APRIL EHRLICH, BYLINE: In a small residential town called Midland in southern Oregon, Terry Smith stands in her driveway with her neighbor's garden hose in hand. That's been her primary source of water since the well to her own home went dry.
TERRY SMITH: I keep thinking today is going to be the day when the tank gets filled. Today's going to be the day when the well gets drilled. But it isn't.
EHRLICH: Smith is waiting for emergency officials to fill her water storage tank. The water is being delivered in tankers normally used for delivering milk. She's also waiting for contractors to drill her well deeper in hopes of reaching water.
SMITH: I have no water. I can't take a bath. I can't clean my house. I can't cook. And now my well is probably not going to work. I've lived in this house for 30 years. This is our retirement.
EHRLICH: Most homes in rural parts of this region get their water from wells. Surrounding farmers and ranchers get their water from irrigation ditches that pull water from a lake. But for the first time ever, the Federal Government opted not to divert that lake water because water levels were too low and critically endangered fish species needed it. So now ag businesses are pulling water from underground, and that's causing almost 200 homes to go dry.
(SOUNDBITE OF TRUCK ALARM RINGING)
RYON FREEMAN: That's not the calmest thing in the world. But...
UNIDENTIFIED PERSON #1: It ain't odd.
UNIDENTIFIED PERSON #2: It's a work truck.
EHRLICH: Ryon Freeman services well pumps. That's the equipment within a well that extracts water from deep underground and pumps it into pipes for homes and businesses. Because of the sudden demand, pump servicers like Freeman don't have enough time to get to everyone.
FREEMAN: These are all people out of water. So there's one right there.

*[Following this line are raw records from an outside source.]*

(* Let $p$ be a prime and let $G$ be a finite $p$-group which is metabelian and $p$-central. Then $\exp(G\wedge G)$ divides $\exp(G)$.
   Context: $G$ is $p$-central if $x^p$ lies in the center $Z(G)$ for every $x\in G$ (equivalently $G^p\subseteq Z(G)$). Metabelian means $[G,G]$ is abelian. Conventions: ${}^g h = ghg^{-1}$, $[g,h]=ghg^{-1}h^{-1}$. The nonabelian tensor square $G\otimes G$ is generated by symbols $g\otimes h$ subject to $gg'\otimes h=({}^g g'\otimes {}^g h)(g\otimes h)$ and $g\otimes hh'=(g\otimes h)({}^h g\otimes {}^h h')$; the exterior square $G\wedge G$ is its quotient by the subgroup generated by all $x\otimes x$. *)

theory Defs
  imports "HOL-Algebra.Algebra"
begin

definition group_center :: "('a, 'b) monoid_scheme \<Rightarrow> 'a set" where
  "group_center G = {z \<in> carrier G. \<forall>x \<in> carrier G. z \<otimes>\<^bsub>G\<^esub> x = x \<otimes>\<^bsub>G\<^esub> z}"

definition finite_p_group :: "('a, 'b) monoid_scheme \<Rightarrow> nat \<Rightarrow> bool" where
  "finite_p_group G p \<longleftrightarrow> group G \<and> finite (carrier G) \<and> (\<exists>n. order G = p ^ n)"

definition metabelian :: "('a, 'b) monoid_scheme \<Rightarrow> bool" where
  "metabelian G \<longleftrightarrow> (\<forall>a \<in> derived G (carrier G). \<forall>b \<in> derived G (carrier G).
       a \<otimes>\<^bsub>G\<^esub> b = b \<otimes>\<^bsub>G\<^esub> a)"

definition p_central :: "('a, 'b) monoid_scheme \<Rightarrow> nat \<Rightarrow> bool" where
  "p_central G p \<longleftrightarrow> (\<forall>x \<in> carrier G. x [^]\<^bsub>G\<^esub> (p::nat) \<in> group_center G)"

definition group_exponent :: "('a, 'b) monoid_scheme \<Rightarrow> nat" where
  "group_exponent G =
     (if \<exists>n::nat>0. \<forall>x \<in> carrier G. x [^]\<^bsub>G\<^esub> n = \<one>\<^bsub>G\<^esub>
      then (LEAST n::nat. n > 0 \<and> (\<forall>x \<in> carrier G. x [^]\<^bsub>G\<^esub> n = \<one>\<^bsub>G\<^esub>))
      else 0)"

definition conjg :: "('a, 'b) monoid_scheme \<Rightarrow> 'a \<Rightarrow> 'a \<Rightarrow> 'a" where
  "conjg G g h = g \<otimes>\<^bsub>G\<^esub> h \<otimes>\<^bsub>G\<^esub> inv\<^bsub>G\<^esub> g"

text \<open>Words in the free group on symbols g\<otimes>h (g,h \<in> G): a letter ((g,h),True)
  stands for the generator g\<otimes>h, ((g,h),False) for its inverse; the product is concatenation.\<close>
type_synonym 'a ext_word = "(('a \<times> 'a) \<times> bool) list"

There's another one.
EHRLICH: When this region got an official drought declaration from the state, farmers and ranchers could apply for emergency permits to pump water from underground. Ivan Gall with the Oregon Water Resources Department says his office has received more pumping requests than any other year.

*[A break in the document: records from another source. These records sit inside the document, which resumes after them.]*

lemma integral_powr_product_le:
  fixes p q \<alpha> \<beta> a b :: real
  assumes p: "1 < p" and q: "1 < q" and al: "0 < \<alpha>" and be: "0 < \<beta>"
    and pq: "\<alpha> / p + \<beta> / q = 1" and ab: "a < b"
    and wu: "W10 p a b u g" and wv: "W10 q a b v h"
    and uv: "set_integrable lborel {a..b} (\<lambda>t. \<bar>u t\<bar> powr \<alpha> * \<bar>v t\<bar> powr \<beta>)"
  shows "(LINT t:{a..b}|lborel. \<bar>u t\<bar> powr \<alpha> * \<bar>v t\<bar> powr \<beta>)
           \<le> ((b - a) / 2) powr (\<alpha> + \<beta>)
              * (LINT t:{a..b}|lborel. \<bar>g t\<bar> powr p) powr (\<alpha> / p)
              * (LINT t:{a..b}|lborel. \<bar>h t\<bar> powr q) powr (\<beta> / q)"
proof -
  define L where "L = b - a"
  define A where "A = (LINT t:{a..b}|lborel. \<bar>g t\<bar> powr p)"
  define B where "B = (LINT t:{a..b}|lborel. \<bar>h t\<bar> powr q)"
  define U where "U = A powr (1/p) * L powr (1 - 1/p) / 2"
  define V where "V = B powr (1/q) * L powr (1 - 1/q) / 2"
  have L: "0 < L"
    using ab by (simp add: L_def)
  have A: "0 \<le> A" and B: "0 \<le> B"
    unfolding A_def B_def by (auto intro: set_integral_nonneg)
  have "\<bar>u t\<bar> powr \<alpha> * \<bar>v t\<bar> powr \<beta> \<le> U powr \<alpha> * V powr \<beta>" if t: "t \<in> {a..b}" for t
    using W10_abs_le_Holder_bound[OF p ab wu t] W10_abs_le_Holder_bound[OF q ab wv t] al be
    by (intro mult_mono powr_mono2) (auto simp: U_def V_def A_def B_def L_def)
  then have "integral {a..b} (\<lambda>t. \<bar>u t\<bar> powr \<alpha> * \<bar>v t\<bar> powr \<beta>) \<le> integral {a..b} (\<lambda>t. U powr \<alpha> * V powr \<beta>)"
    by (intro integral_le[OF set_borel_integral_eq_integral(1)[OF uv] integrable_const_ivl]) auto
  also have "\<dots> = U powr \<alpha> * V powr \<beta> * L"
    using ab by (simp add: L_def)
  also have "\<dots> = (L / 2) powr (\<alpha> + \<beta>) * A powr (\<alpha> / p) * B powr (\<beta> / q)"
  proof -
    have eqU: "U powr \<alpha> = A powr (\<alpha> / p) * L powr (\<alpha> * (1 - 1/p)) / 2 powr \<alpha>"
      using A L by (simp add: U_def powr_divide powr_mult powr_powr mult.commute)
    have eqV: "V powr \<beta> = B powr (\<beta> / q) * L powr (\<beta> * (1 - 1/q)) / 2 powr \<beta>"
      using B L by (simp add: V_def powr_divide powr_mult powr_powr mult.commute)
    have "L powr (\<alpha> * (1 - 1/p)) * L powr (\<beta> * (1 - 1/q)) * L powr 1
        = L powr (\<alpha> * (1 - 1/p) + \<beta> * (1 - 1/q) + 1)"
      by (simp only: powr_add)
    also have "\<alpha> * (1 - 1/p) + \<beta> * (1 - 1/q) + 1 = \<alpha> + \<beta>"
      using pq by (simp add: algebra_simps)
    finally have "L powr (\<alpha> * (1 - 1/p)) * L powr (\<beta> * (1 - 1/q)) * L = L powr (\<alpha> + \<beta>)"
      using L by simp
    moreover have "(L / 2) powr (\<alpha> + \<beta>) = L powr (\<alpha> + \<beta>) / (2 powr \<alpha> * 2 powr \<beta>)"
      using L by (simp add: powr_divide powr_add)
    ultimately show ?thesis
      unfolding eqU eqV by (simp add: field_simps)
  qed
  finally show ?thesis
    using set_borel_integral_eq_integral(2)[OF uv] by (simp add: L_def A_def B_def)
qed

lemma Rayleigh_quotient_ge:
  fixes p q \<alpha> \<beta> a b :: real
  assumes p: "1 < p" and q: "1 < q" and al: "0 < \<alpha>" and be: "0 < \<beta>"
    and pq: "\<alpha> / p + \<beta> / q = 1" and ab: "a < b"
    and wu: "W10 p a b u g" and wv: "W10 q a b v h"
    and D: "0 < (LINT t:{a..b}|lborel. \<bar>u t\<bar> powr \<alpha> * \<bar>v t\<bar> powr \<beta>)"
  shows "inverse (\<alpha> powr (\<alpha> / p) * \<beta> powr (\<beta> / q)) * (2 / (b - a)) powr (\<alpha> + \<beta>)
    \<le> ((1/p) * (LINT t:{a..b}|lborel. \<bar>g t\<bar> powr p) + (1/q) * (LINT t:{a..b}|lborel. \<bar>h t\<bar> powr q))
        / (LINT t:{a..b}|lborel. \<bar>u t\<bar> powr \<alpha> * \<bar>v t\<bar> powr \<beta>)"
proof -
  define A where "A = (LINT t:{a..b}|lborel. \<bar>g t\<bar> powr p)"
  define B where "B = (LINT t:{a..b}|lborel. \<bar>h t\<bar> powr q)"
  define D where "D = (LINT t:{a..b}|lborel. \<bar>u t\<bar> powr \<alpha> * \<bar>v t\<bar> powr \<beta>)"
  define c where "c = \<alpha> powr (\<alpha> / p) * \<beta> powr (\<beta> / q)"
  define K where "K = inverse c * (2 / (b - a)) powr (\<alpha> + \<beta>)"
  have c: "0 < c"
    using al be by (simp add: c_def)
  have K: "0 \<le> K"
    using c by (simp add: K_def)
  have A: "0 \<le> A" and B: "0 \<le> B"
    unfolding A_def B_def by (auto intro: set_integral_nonneg)
  text \<open>A non-integrable function has Lebesgue integral 0.\<close>
  have "set_integrable lborel {a..b} (\<lambda>t. \<bar>u t\<bar> powr \<alpha> * \<bar>v t\<bar> powr \<beta>)"
    using D not_integrable_integral_eq unfolding set_lebesgue_integral_def set_integrable_def
    by (metis less_irrefl)
  from integral_powr_product_le[OF p q al be pq ab wu wv this]
  have "D \<le> ((b - a) / 2) powr (\<alpha> + \<beta>) * (A powr (\<alpha> / p) * B powr (\<beta> / q))"
    by (simp add: A_def B_def D_def mult.assoc)
  also have "\<dots> \<le> ((b - a) / 2) powr (\<alpha> + \<beta>) * (c * ((1/p) * A + (1/q) * B))"
  proof (rule mult_left_mono)
    show "A powr (\<alpha> / p) * B powr (\<beta> / q) \<le> c * ((1/p) * A + (1/q) * B)"
      using Young_weighted[OF al be _ _ pq A B] p q by (simp add: c_def)
  qed simp
  finally have "K * D \<le> K * (((b - a) / 2) powr (\<alpha> + \<beta>) * (c * ((1/p) * A + (1/q) * B)))"
    using K by (rule mult_left_mono)
  also have "\<dots> = (1/p) * A + (1/q) * B"
  proof -
    have inverse: "2 / (b - a) * ((b - a) / 2) = 1"
      using ab by simp
    have "(2 / (b - a)) powr (\<alpha> + \<beta>) * ((b - a) / 2) powr (\<alpha> + \<beta>) = 1"
      unfolding powr_mult[symmetric] inverse by simp
    then show ?thesis
      using c by (simp add: K_def field_simps)
  qed
  finally show ?thesis
    using D by (simp add: pos_le_divide_eq A_def B_def D_def K_def c_def)
qed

IVAN GALL: And that big change in the pumping influence is largely what's impacting these wells.
EHRLICH: Squeezing what little water we can from underground year after year can have a cumulative impact on the aquifer system. It uses up the underground pools of fresh water that wells draw from faster than they can naturally refill from rain and snowfall.

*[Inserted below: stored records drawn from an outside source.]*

(* Let $(N_0,c,w,P)$ be an RS-situation and $(N_0,v)$ the corresponding RS-game. Then \[Core(N_0,v)=\Big\{x\in\mathbb{R}^{N_0}\ \Big|\ \sum_{i\in N_0}x_i=v(N_0);\ x_i\le v(\{0,i\})\text{ for all } i\in N;\ \sum_{i\in S}x_i\ge v(S)\text{ for all } S\subseteq N\Big\}.\]
   Context: Let $c\in\mathbb{R}$. An RS-problem is a triple $(c,w,p)$ where $w:\mathbb{R}_+\to(c,+\infty)$ is decreasing (non-increasing) and continuous, and $p:\mathbb{R}_+\to\mathbb{R}$ is decreasing (non-increasing) and continuous, satisfies $p(0)>w(0)$, and there exists $q>0$ with $p(q)=c$. An RS-situation is a tuple $(N_0,c,w,P)$ where $N=\{1,\dots,n\}$ is the set of retailers, $0$ denotes the supplier, $N_0=N\cup\{0\}$, $P=(p_1,\dots,p_n)$, and $(c,w,p_i)$ is an RS-problem for each $i\in N$. For $S\subseteq N$ write $S_0=S\cup\{0\}$. For $q\ge0$ and $\omega\in\mathbb{R}$, $\Pi_i^{ret}(q;\omega)=(p_i(q)-\omega)q$. For nonempty $S\subseteq N$, $(q_i^S)_{i\in S}$ is a fixed optimal solution of: maximize $\sum_{i\in S}(p_i(q_i)-w(q_S))q_i$ over $q\in\mathbb{R}_+^{S}$ subject to $p_i(q_i)\ge w(q_S)$ for all $i\in S$, where $q_S=\sum_{i\in S}q_i$; $q_S^S=\sum_{i\in S}q_i^S$. For $i\in N$, $q_i^c$ is a fixed optimal solution of: maximize $(p_i(q)-c)q$ over $q\ge0$ subject to $p_i(q)\ge c$. The corresponding RS-game $(N_0,v)$ is the TU game on $N_0$ with $v(\emptyset)=0$ and, for all $S\subseteq N$, $v(S)=\sum_{i\in S}\Pi_i^{ret}(q_i^S;w(q_S^S))$ and $v(S_0)=\sum_{i\in S}\Pi_i^{ret}(q_i^c;c)$. The core of a TU game $(N_0,v)$ is $Core(N_0,v)=\{x\in\mathbb{R}^{N_0}: \sum_{i\in N_0}x_i=v(N_0),\ \sum_{i\in T}x_i\ge v(T)\text{ for all }T\subset N_0\}$. *)

theory Defs
  imports Complex_Main
begin

text \<open>Players are natural numbers: supplier 0, retailers 1..n. Payoff vectors are
  functions nat \<Rightarrow> real (only values on the player set matter).\<close>

definition rs_problem :: "real \<Rightarrow> (real \<Rightarrow> real) \<Rightarrow> (real \<Rightarrow> real) \<Rightarrow> bool" where
  "rs_problem c w p \<longleftrightarrow>
     (\<forall>q\<ge>0. w q > c) \<and>
     (\<forall>x y. 0 \<le> x \<longrightarrow> x \<le> y \<longrightarrow> w y \<le> w x) \<and>
     continuous_on {0..} w \<and>
     (\<forall>x y. 0 \<le> x \<longrightarrow> x \<le> y \<longrightarrow> p y \<le> p x) \<and>
     continuous_on {0..} p \<and>
     p 0 > w 0 \<and>
     (\<exists>q>0. p q = c)"

definition rs_situation :: "nat \<Rightarrow> real \<Rightarrow> (real \<Rightarrow> real) \<Rightarrow> (nat \<Rightarrow> real \<Rightarrow> real) \<Rightarrow> bool" where
  "rs_situation n c w P \<longleftrightarrow> (\<forall>i\<in>{1..n}. rs_problem c w (P i))"

definition retailer_profit :: "(real \<Rightarrow> real) \<Rightarrow> real \<Rightarrow> real \<Rightarrow> real" where
  "retailer_profit p q \<omega> = (p q - \<omega>) * q"

definition coal_feasible :: "(real \<Rightarrow> real) \<Rightarrow> (nat \<Rightarrow> real \<Rightarrow> real) \<Rightarrow> nat set \<Rightarrow> (nat \<Rightarrow> real) \<Rightarrow> bool" where
  "coal_feasible w P S q \<longleftrightarrow> (\<forall>i\<in>S. 0 \<le> q i \<and> P i (q i) \<ge> w (\<Sum>j\<in>S. q j))"

definition coal_obj :: "(real \<Rightarrow> real) \<Rightarrow> (nat \<Rightarrow> real \<Rightarrow> real) \<Rightarrow> nat set \<Rightarrow> (nat \<Rightarrow> real) \<Rightarrow> real" where
  "coal_obj w P S q = (\<Sum>i\<in>S. (P i (q i) - w (\<Sum>j\<in>S. q j)) * q i)"

definition coal_optimal :: "(real \<Rightarrow> real) \<Rightarrow> (nat \<Rightarrow> real \<Rightarrow> real) \<Rightarrow> nat set \<Rightarrow> (nat \<Rightarrow> real) \<Rightarrow> bool" where
  "coal_optimal w P S q \<longleftrightarrow> coal_feasible w P S q \<and>
     (\<forall>q'. coal_feasible w P S q' \<longrightarrow> coal_obj w P S q' \<le> coal_obj w P S q)"

definition comp_optimal :: "real \<Rightarrow> (real \<Rightarrow> real) \<Rightarrow> real \<Rightarrow> bool" where
  "comp_optimal c p q \<longleftrightarrow> 0 \<le> q \<and> p q \<ge> c \<and>
     (\<forall>q'. 0 \<le> q' \<and> p q' \<ge> c \<longrightarrow> (p q' - c) * q' \<le> (p q - c) * q)"

text \<open>RS-game: qS S is the fixed optimal solution for coalition S of retailers,
  qc i the fixed optimal quantity of retailer i under price c.\<close>
definition rs_game :: "real \<Rightarrow> (real \<Rightarrow> real) \<Rightarrow> (nat \<Rightarrow> real \<Rightarrow> real) \<Rightarrow>
    (nat set \<Rightarrow> nat \<Rightarrow> real) \<Rightarrow> (nat \<Rightarrow> real) \<Rightarrow> nat set \<Rightarrow> real" where
  "rs_game c w P qS qc T =
     (if 0 \<in> T then (\<Sum>i\<in>T - {0}. retailer_profit (P i) (qc i) c)
      else (\<Sum>i\<in>T. retailer_profit (P i) (qS T i) (w (\<Sum>j\<in>T. qS T j))))"

definition core :: "nat set \<Rightarrow> (nat set \<Rightarrow> real) \<Rightarrow> (nat \<Rightarrow> real) set" where
  "core N0 v = {x. (\<Sum>i\<in>N0. x i) = v N0 \<and> (\<forall>T. T \<subset> N0 \<longrightarrow> (\<Sum>i\<in>T. x i) \<ge> v T)}"

end

theory Submission
  imports Defs
begin

text \<open>Every coalition containing the supplier earns the sum of the stand-alone profits
  of its retailers, so on such coalitions the game is additive. For an efficient
  allocation, the excess of a coalition T containing the supplier is therefore the sum of
  the shortfalls v({0,i}) - x i over the retailers i outside T. All these excesses are
  nonnegative exactly when every single shortfall is, which is the upper bound
  x i \<le> v({0,i}); the coalitions without the supplier give the remaining constraints.\<close>

lemma excess_supplier_coalition:
  fixes x a :: "nat \<Rightarrow> real"
  assumes "finite N" "s \<notin> N" "s \<in> T" "T \<subseteq> insert s N"
    and efficient: "(\<Sum>i\<in>insert s N. x i) = (\<Sum>i\<in>N. a i)"
  shows "(\<Sum>i\<in>T. x i) - (\<Sum>i\<in>T - {s}. a i) = (\<Sum>i\<in>insert s N - T. a i - x i)"
proof -
  let ?R = "insert s N - T"
  have fin: "finite T" "finite ?R"
    using assms(1,4) finite_subset by auto
  have "(\<Sum>i\<in>insert s N. x i) = (\<Sum>i\<in>T \<union> ?R. x i)"
    using assms(4) by (intro sum.cong) auto
  also have "\<dots> = (\<Sum>i\<in>T. x i) + (\<Sum>i\<in>?R. x i)"
    using fin by (intro sum.union_disjoint) auto
  finally have x_split: "(\<Sum>i\<in>insert s N. x i) = (\<Sum>i\<in>T. x i) + (\<Sum>i\<in>?R. x i)" .
  have "(\<Sum>i\<in>N. a i) = (\<Sum>i\<in>(T - {s}) \<union> ?R. a i)"
    using assms(2-4) by (intro sum.cong) auto
  also have "\<dots> = (\<Sum>i\<in>T - {s}. a i) + (\<Sum>i\<in>?R. a i)"
    using fin by (intro sum.union_disjoint) auto
  finally have a_split: "(\<Sum>i\<in>N. a i) = (\<Sum>i\<in>T - {s}. a i) + (\<Sum>i\<in>?R. a i)" .
  show ?thesis
    using efficient x_split a_split by (simp add: sum_subtractf)
qed

lemma core_supplier_additive_game:
  fixes v :: "nat set \<Rightarrow> real" and a :: "nat \<Rightarrow> real"
  assumes "finite N" "s \<notin> N"
    and v_supplier: "\<And>T. s \<in> T \<Longrightarrow> T \<subseteq> insert s N \<Longrightarrow> v T = (\<Sum>i\<in>T - {s}. a i)"
  shows "core (insert s N) v =
    {x. (\<Sum>i\<in>insert s N. x i) = v (insert s N) \<and>
        (\<forall>i\<in>N. x i \<le> v {s, i}) \<and>
        (\<forall>S. S \<subseteq> N \<longrightarrow> (\<Sum>i\<in>S. x i) \<ge> v S)}"
    (is "_ = ?C")
proof -
  have v_grand: "v (insert s N) = (\<Sum>i\<in>N. a i)"
    using v_supplier[of "insert s N"] assms(2) by simp
  have v_pair: "v {s, i} = a i" if "i \<in> N" for i
  proof -
    have "{s, i} - {s} = {i}"
      using that assms(2) by auto
    then show ?thesis
      using v_supplier[of "{s, i}"] that assms(2) by simp
  qed
  have excess: "(\<Sum>i\<in>T. x i) - v T = (\<Sum>i\<in>insert s N - T. a i - x i)"
    if "(\<Sum>i\<in>insert s N. x i) = v (insert s N)" "s \<in> T" "T \<subseteq> insert s N"
    for x :: "nat \<Rightarrow> real" and T
    using excess_supplier_coalition[OF assms(1,2) that(2,3)] that v_grand v_supplier[OF that(2,3)]
    by simp
  show ?thesis
  proof (intro equalityI subsetI)
    fix x assume "x \<in> core (insert s N) v"
    then have efficient: "(\<Sum>i\<in>insert s N. x i) = v (insert s N)"
      and stable: "\<And>T. T \<subset> insert s N \<Longrightarrow> (\<Sum>i\<in>T. x i) \<ge> v T"
      unfolding core_def by auto
    have "x i \<le> v {s, i}" if "i \<in> N" for i
    proof -
      let ?T = "insert s N - {i}"
      have T: "?T \<subset> insert s N" "s \<in> ?T"
        using that assms(2) by auto
      have "insert s N - ?T = {i}"
        using that by auto
      then have "(\<Sum>j\<in>?T. x j) - v ?T = a i - x i"
        using excess[OF efficient T(2)] T(1) by simp
      then show ?thesis
        using stable[OF T(1)] v_pair[OF that] by simp
    qed
    moreover have "(\<Sum>i\<in>S. x i) \<ge> v S" if "S \<subseteq> N" for S
      using stable[of S] that assms(2) by blast
    ultimately show "x \<in> ?C"
      using efficient by blast
  next
    fix x assume "x \<in> ?C"
    then have efficient: "(\<Sum>i\<in>insert s N. x i) = v (insert s N)"
      and bounded: "\<And>i. i \<in> N \<Longrightarrow> x i \<le> a i"
      and retailers: "\<And>S. S \<subseteq> N \<Longrightarrow> (\<Sum>i\<in>S. x i) \<ge> v S"
      using v_pair by auto
    have "(\<Sum>i\<in>T. x i) \<ge> v T" if T: "T \<subset> insert s N" for T
    proof (cases "s \<in> T")
      case True
      have "0 \<le> (\<Sum>i\<in>insert s N - T. a i - x i)"
        using bounded True by (intro sum_nonneg) auto
      also have "\<dots> = (\<Sum>i\<in>T. x i) - v T"
        using excess[OF efficient True] T by simp
      finally show ?thesis by simp
    next
      case False
      then have "T \<subseteq> N"
        using T by blast
      then show ?thesis
        by (rule retailers)
    qed
    then show "x \<in> core (insert s N) v"
      unfolding core_def using efficient by blast
  qed
qed

theorem theorem5p1:
  fixes n :: nat and c :: real and w :: "real \<Rightarrow> real" and P :: "nat \<Rightarrow> real \<Rightarrow> real"
    and qS :: "nat set \<Rightarrow> nat \<Rightarrow> real" and qc :: "nat \<Rightarrow> real"
  assumes "rs_situation n c w P"
    and "\<And>S. S \<subseteq> {1..n} \<Longrightarrow> S \<noteq> {} \<Longrightarrow> coal_optimal w P S (qS S)"
    and "\<And>i. i \<in> {1..n} \<Longrightarrow> comp_optimal c (P i) (qc i)"
  shows "core {0..n} (rs_game c w P qS qc) =
    {x. (\<Sum>i\<in>{0..n}. x i) = rs_game c w P qS qc {0..n} \<and>
        (\<forall>i\<in>{1..n}. x i \<le> rs_game c w P qS qc {0, i}) \<and>
        (\<forall>S. S \<subseteq> {1..n} \<longrightarrow> (\<Sum>i\<in>S. x i) \<ge> rs_game c w P qS qc S)}"
proof -
  have players: "{0..n} = insert 0 {1..n}"
    by auto
  have "core (insert 0 {1..n}) (rs_game c w P qS qc) =
    {x. (\<Sum>i\<in>insert 0 {1..n}. x i) = rs_game c w P qS qc (insert 0 {1..n}) \<and>
        (\<forall>i\<in>{1..n}. x i \<le> rs_game c w P qS qc {0, i}) \<and>
        (\<forall>S. S \<subseteq> {1..n} \<longrightarrow> (\<Sum>i\<in>S. x i) \<ge> rs_game c w P qS qc S)}"
    by (rule core_supplier_additive_game[where a = "\<lambda>i. retailer_profit (P i) (qc i) c"])
      (auto simp: rs_game_def)
  then show ?thesis
    unfolding players .
qed

end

GALL: The way that groundwater continues to be used on these really dry years, we're going to see a pretty big drop here. And we're probably not going to dig ourselves out of that hole.
EHRLICH: Gall says the Klamath Basin is getting hit hard by climate change. Increasingly hot and dry years means less snowpack, which means less water, both above and underground. And that's left businesses and homeowners competing for what's left.
JUSTIN GRANT: So this is my temporary setup.
EHRLICH: Justin Grant in Midland also had the well to his home run dry. And he has an irrigation well, where he's pumping groundwater for his crops and cattle.
GRANT: I think their quickest reaction is, why am I dry? You know, who took my water?
EHRLICH: He says this fight for water is turning neighbors against each other.
GRANT: It's real easy and real quick to just point the finger at the neighbor who has an irrigation well and who's trying to irrigate crops and, you know, keep their cattle alive.
EHRLICH: But with this struggle for water, Grant and a lot of people in the Klamath Basin are questioning how long its agricultural economy will survive.
For NPR News, I'm April Ehrlich in Ashland, Ore.